Look for "load" in each line of the entries, and return the matching lines.

Dataset records:
=====

(* For every max-min (unbounded space) algorithm $ALG$ for the classic bin packing problem and every positive integer $m$, there exists a sorted item sequence $I$ such that $OPT(I)>m$ and $ALG(I)>\frac{16}{15}\cdot(OPT(I)-1)$.
   Context: Classic bin packing: an item sequence $I=(a_1,\dots,a_n)\in(0,1]^n$ must be packed into bins of capacity $1$; $OPT(I)$ is the minimum number of non-empty bins, $ALG(I)$ the number of non-empty bins used by $ALG$. $I$ is sorted if $a_1\ge\cdots\ge a_n$. A max-min algorithm first sorts the input in non-increasing order and then repeatedly takes either the head (largest) or the tail (smallest) item of the currently remaining sorted sequence and packs it into some bin (any bin it can fit into, there being no limit on the number of open bins), each decision depending only on the items already packed and the current head and tail items, without seeing any other remaining items (in particular, not how many items remain). *)

theory Defs
  imports Complex_Main
begin

definition valid_packing :: "real list \<Rightarrow> (nat \<Rightarrow> nat) \<Rightarrow> bool" where
  "valid_packing I f \<longleftrightarrow>
     (\<forall>b. (\<Sum>i | i < length I \<and> f i = b. I ! i) \<le> 1)"

definition bins_used :: "real list \<Rightarrow> (nat \<Rightarrow> nat) \<Rightarrow> nat" where
  "bins_used I f = card (f ` {..<length I})"

definition OPT :: "real list \<Rightarrow> nat" where
  "OPT I = (LEAST k. \<exists>f. valid_packing I f \<and> bins_used I f = k)"

text \<open>A history is the list of already packed items in packing order, each given as
  (size, index of the bin it was packed into). Bins are numbered 0,1,2,... in order of opening.\<close>
type_synonym history = "(real \<times> nat) list"

definition nbins :: "history \<Rightarrow> nat" where
  "nbins h = card (snd ` set h)"

definition load :: "history \<Rightarrow> nat \<Rightarrow> real" where
  "load h j = sum_list (map fst (filter (\<lambda>p. snd p = j) h))"

text \<open>A max-min algorithm is a function that, given the history and the current head
  (largest remaining) and tail (smallest remaining) item sizes, returns
  (True = take head / False = take tail, target bin index). If the target index is an
  existing bin in which the item fits, the item goes there; otherwise a new bin is opened.
  (Every function yields a valid algorithm, and every valid max-min algorithm is such a function.)\<close>
type_synonym maxmin_alg = "history \<Rightarrow> real \<Rightarrow> real \<Rightarrow> bool \<times> nat"

function run :: "maxmin_alg \<Rightarrow> history \<Rightarrow> real list \<Rightarrow> history" where
  "run A h [] = h"
| "run A h (x # xs) =
     (let (takehead, j) = A h x (last (x # xs));
          y = (if takehead then x else last (x # xs));
          rest = (if takehead then xs else butlast (x # xs));
          b = (if j < nbins h \<and> load h j + y \<le> 1 then j else nbins h)
      in run A (h @ [(y, b)]) rest)"
  by pat_completeness auto
termination
  by (relation "measure (\<lambda>(A, h, xs). length xs)") (auto simp: Let_def split: if_splits prod.splits)

definition ALG :: "maxmin_alg \<Rightarrow> real list \<Rightarrow> nat" where
  "ALG A I = nbins (run A [] I)"

end

theory Submission
  imports Defs "HOL-Combinatorics.Permutations"
begin

text \<open>
  Use large items 2/5, medium items 7/20 and small items 3/20, and inputs consisting of
  N large, K medium and M small items in this order. While both a large and a small item
  remain, a max-min algorithm sees head 2/5 and tail 3/20 on every such input, so it builds
  the same history (the common prefix) until it has taken 16k large or 15k small items.
  Measured in twentieths, a bin holding a large, b small and d medium items satisfies
  8a + 3b + 7d \<le> 20. Summing over all final bins a linear weight of a bin's final contents
  plus a penalty depending only on its prefix contents bounds the number of bins from below.
  If the large items run out first, either the prefix already uses 48k/5 bins (and N = 16k,
  M = 15k with OPT = 9k wins), or many prefix bins hold two large items and so can take at
  most one small item (N = 16k, M = 64k with OPT = 16k). If the small items run out first,
  prefix bins with several small items lose room for items larger than 1/3, and one of the
  inputs (16k, 0, 15k), (16k, 8k, 15k), (30k, 0, 15k), with optimum 9k, 12k, 15k, needs at
  least 16/15 times the optimum.
\<close>

section \<open>Optimal packings\<close>

lemma valid_packing_iff:
  "valid_packing I f \<longleftrightarrow> (\<forall>b. (\<Sum>i<length I. if f i = b then I ! i else 0) \<le> 1)"
proof -
  have "(\<Sum>i | i < length I \<and> f i = b. I ! i) = (\<Sum>i<length I. if f i = b then I ! i else 0)"
    for b
  proof -
    have "{i. i < length I \<and> f i = b} = {i \<in> {..<length I}. f i = b}" by auto
    then show ?thesis by (simp only: sum.inter_filter[OF finite_lessThan])
  qed
  then show ?thesis by (simp add: valid_packing_def)
qed

lemma valid_packing_permute_list:
  assumes "p permutes {..<length I}" "valid_packing I f"
  shows "valid_packing (permute_list p I) (f \<circ> p)"
  unfolding valid_packing_iff
proof
  fix b
  have "(\<Sum>i<length I. if f (p i) = b then permute_list p I ! i else 0)
      = (\<Sum>i<length I. if f (p i) = b then I ! p i else 0)"
    using assms(1) by (intro sum.cong) (auto simp: permute_list_nth)
  also have "\<dots> = (\<Sum>i<length I. if f i = b then I ! i else 0)"
    using sum.permute[OF assms(1), of "\<lambda>i. if f i = b then I ! i else 0"] by (simp add: comp_def)
  also have "\<dots> \<le> 1" using assms(2) by (simp add: valid_packing_iff)
  finally show
    "(\<Sum>i<length (permute_list p I). if (f \<circ> p) i = b then permute_list p I ! i else 0) \<le> 1"
    by simp
qed

lemma bins_used_permute_list:
  "p permutes {..<length I} \<Longrightarrow> bins_used (permute_list p I) (f \<circ> p) = bins_used I f"
  unfolding bins_used_def length_permute_list image_comp[symmetric] by (simp add: permutes_image)

lemma OPT_le_bins_used: "valid_packing I f \<Longrightarrow> OPT I \<le> bins_used I f"
  unfolding OPT_def by (rule Least_le) blast

lemma OPT_le_bins_used_mset_eq:
  assumes "mset I = mset I'" "valid_packing I' f"
  shows "OPT I \<le> bins_used I' f"
proof -
  obtain p where "p permutes {..<length I'}" "permute_list p I' = I"
    using mset_eq_permutation[OF assms(1)] .
  then show ?thesis
    using OPT_le_bins_used valid_packing_permute_list[OF _ assms(2)] bins_used_permute_list
    by metis
qed

lemma sum_lessThan_add:
  fixes g :: "nat \<Rightarrow> 'a::comm_monoid_add"
  shows "(\<Sum>i<m + n. g i) = (\<Sum>i<m. g i) + (\<Sum>i<n. g (m + i))"
  by (induction n) (simp_all add: add.assoc)

lemma valid_packing_concat:
  assumes "\<forall>g\<in>set G. sum_list g \<le> 1"
  shows "\<exists>f. valid_packing (concat G) f \<and> f ` {..<length (concat G)} \<subseteq> {..<length G}"
  using assms
proof (induction G)
  case Nil
  then show ?case by (simp add: valid_packing_def)
next
  case (Cons g G)
  then obtain f where f: "valid_packing (concat G) f" "f ` {..<length (concat G)} \<subseteq> {..<length G}"
    by auto
  define f' where "f' i = (if i < length g then 0 else Suc (f (i - length g)))" for i
  have "(\<Sum>i<length (g @ concat G). if f' i = b then (g @ concat G) ! i else 0) \<le> 1" for b
  proof -
    have split: "(\<Sum>i<length (g @ concat G). if f' i = b then (g @ concat G) ! i else 0)
        = (\<Sum>i<length g. if b = 0 then g ! i else 0)
          + (\<Sum>i<length (concat G). if Suc (f i) = b then concat G ! i else 0)"
      unfolding length_append sum_lessThan_add
      by (intro arg_cong2[where f = "(+)"] sum.cong) (auto simp: f'_def nth_append)
    show ?thesis
    proof (cases b)
      case 0
      then show ?thesis
        using split Cons.prems by (simp add: sum_list_sum_nth atLeast0LessThan)
    next
      case (Suc b')
      then show ?thesis using split f(1) by (simp add: valid_packing_iff)
    qed
  qed
  moreover have "f' i < length (g # G)" if "i < length (g @ concat G)" for i
  proof (cases "i < length g")
    case False
    then have "i - length g \<in> {..<length (concat G)}" using that by auto
    then have "f (i - length g) < length G" using f(2) by blast
    then show ?thesis by (simp add: f'_def)
  qed (simp add: f'_def)
  ultimately show ?case by (auto simp: valid_packing_iff)
qed

lemma OPT_le_length_groups:
  assumes "mset I = mset (concat G)" "\<forall>g\<in>set G. sum_list g \<le> 1"
  shows "OPT I \<le> length G"
proof -
  obtain f where f: "valid_packing (concat G) f" "f ` {..<length (concat G)} \<subseteq> {..<length G}"
    using valid_packing_concat[OF assms(2)] by blast
  have "bins_used (concat G) f \<le> length G"
    unfolding bins_used_def using card_mono[OF _ f(2)] by simp
  then show ?thesis using OPT_le_bins_used_mset_eq[OF assms(1) f(1)] by simp
qed

lemma mset_concat_replicate: "mset (concat (replicate n g)) = repeat_mset n (mset g)"
  by (induction n) auto

lemma sum_list_le_bins_used:
  assumes "valid_packing I f"
  shows "sum_list I \<le> bins_used I f"
proof -
  have "sum_list I = (\<Sum>b\<in>f ` {..<length I}. \<Sum>i | i \<in> {..<length I} \<and> f i = b. I ! i)"
    by (simp add: sum_list_sum_nth atLeast0LessThan sum.image_gen[of "{..<length I}" _ f])
  also have "\<dots> \<le> (\<Sum>b\<in>f ` {..<length I}. 1)"
    using assms by (intro sum_mono) (simp add: valid_packing_def)
  finally show ?thesis by (simp add: bins_used_def)
qed

lemma OPT_attained:
  assumes "valid_packing I f"
  obtains g where "valid_packing I g" "bins_used I g = OPT I"
proof -
  have "\<exists>g. valid_packing I g \<and> bins_used I g = OPT I"
    unfolding OPT_def by (rule LeastI_ex) (use assms in blast)
  then show thesis using that by blast
qed

lemma sum_list_le_OPT:
  assumes "\<forall>x\<in>set I. x \<le> 1"
  shows "sum_list I \<le> OPT I"
proof -
  obtain f where "valid_packing I f"
    using valid_packing_concat[of "map (\<lambda>x. [x]) I"] assms by auto
  then obtain g where "valid_packing I g" "bins_used I g = OPT I"
    by (rule OPT_attained)
  then show ?thesis using sum_list_le_bins_used by metis
qed

section \<open>Runs of a max-min algorithm\<close>

definition place :: "history \<Rightarrow> nat \<Rightarrow> real \<Rightarrow> history" where
  "place h j y = h @ [(y, if j < nbins h \<and> load h j + y \<le> 1 then j else nbins h)]"
lemma vdm_diff_inj:
  assumes "orthant_supported f" "orthant_supported g" "vdm_diff f = vdm_diff g"
  shows "f = g"
proof -
  define h where "h x y z = f x y z - g x y z" for x y z
  have h: "orthant_supported h" using assms(1,2) unfolding orthant_supported_def h_def by simp
  have "diff12 (diff13 (diff23 h)) x y z = 0" for x y z
    using fun_cong[OF fun_cong[OF fun_cong[OF assms(3)]], of x y z]
    unfolding vdm_diff_def diff12_def diff13_def diff23_def h_def by linarith
  then have "diff13 (diff23 h) x y z = 0" for x y z
    using orthant_supported_diff_eq_0(1) h orthant_supported_diff by blast
  then have "diff23 h x y z = 0" for x y z
    using orthant_supported_diff_eq_0(2) h orthant_supported_diff by blast
  then have "h x y z = 0" for x y z
    using orthant_supported_diff_eq_0(3) h by blast
  then show ?thesis unfolding h_def by (intro ext) simp
qed


text \<open>The coefficient of X^x Y^y Z^z in the alternant det (X_i^{q_j}).\<close>
definition alternant :: "int \<Rightarrow> int \<Rightarrow> int \<Rightarrow> int \<Rightarrow> int \<Rightarrow> int \<Rightarrow> int" where
  "alternant q1 q2 q3 x y z =
      (if x = q1 \<and> y = q2 \<and> z = q3 then 1 else 0) - (if x = q2 \<and> y = q1 \<and> z = q3 then 1 else 0)
    - (if x = q1 \<and> y = q3 \<and> z = q2 then 1 else 0) - (if x = q3 \<and> y = q2 \<and> z = q1 then 1 else 0)
    + (if x = q2 \<and> y = q3 \<and> z = q1 then 1 else 0) + (if x = q3 \<and> y = q1 \<and> z = q2 then 1 else 0)"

=====

[Expected output]
definition load :: "history \<Rightarrow> nat \<Rightarrow> real" where
  "load h j = sum_list (map fst (filter (\<lambda>p. snd p = j) h))"
          b = (if j < nbins h \<and> load h j + y \<le> 1 then j else nbins h)
  "place h j y = h @ [(y, if j < nbins h \<and> load h j + y \<le> 1 then j else nbins h)]"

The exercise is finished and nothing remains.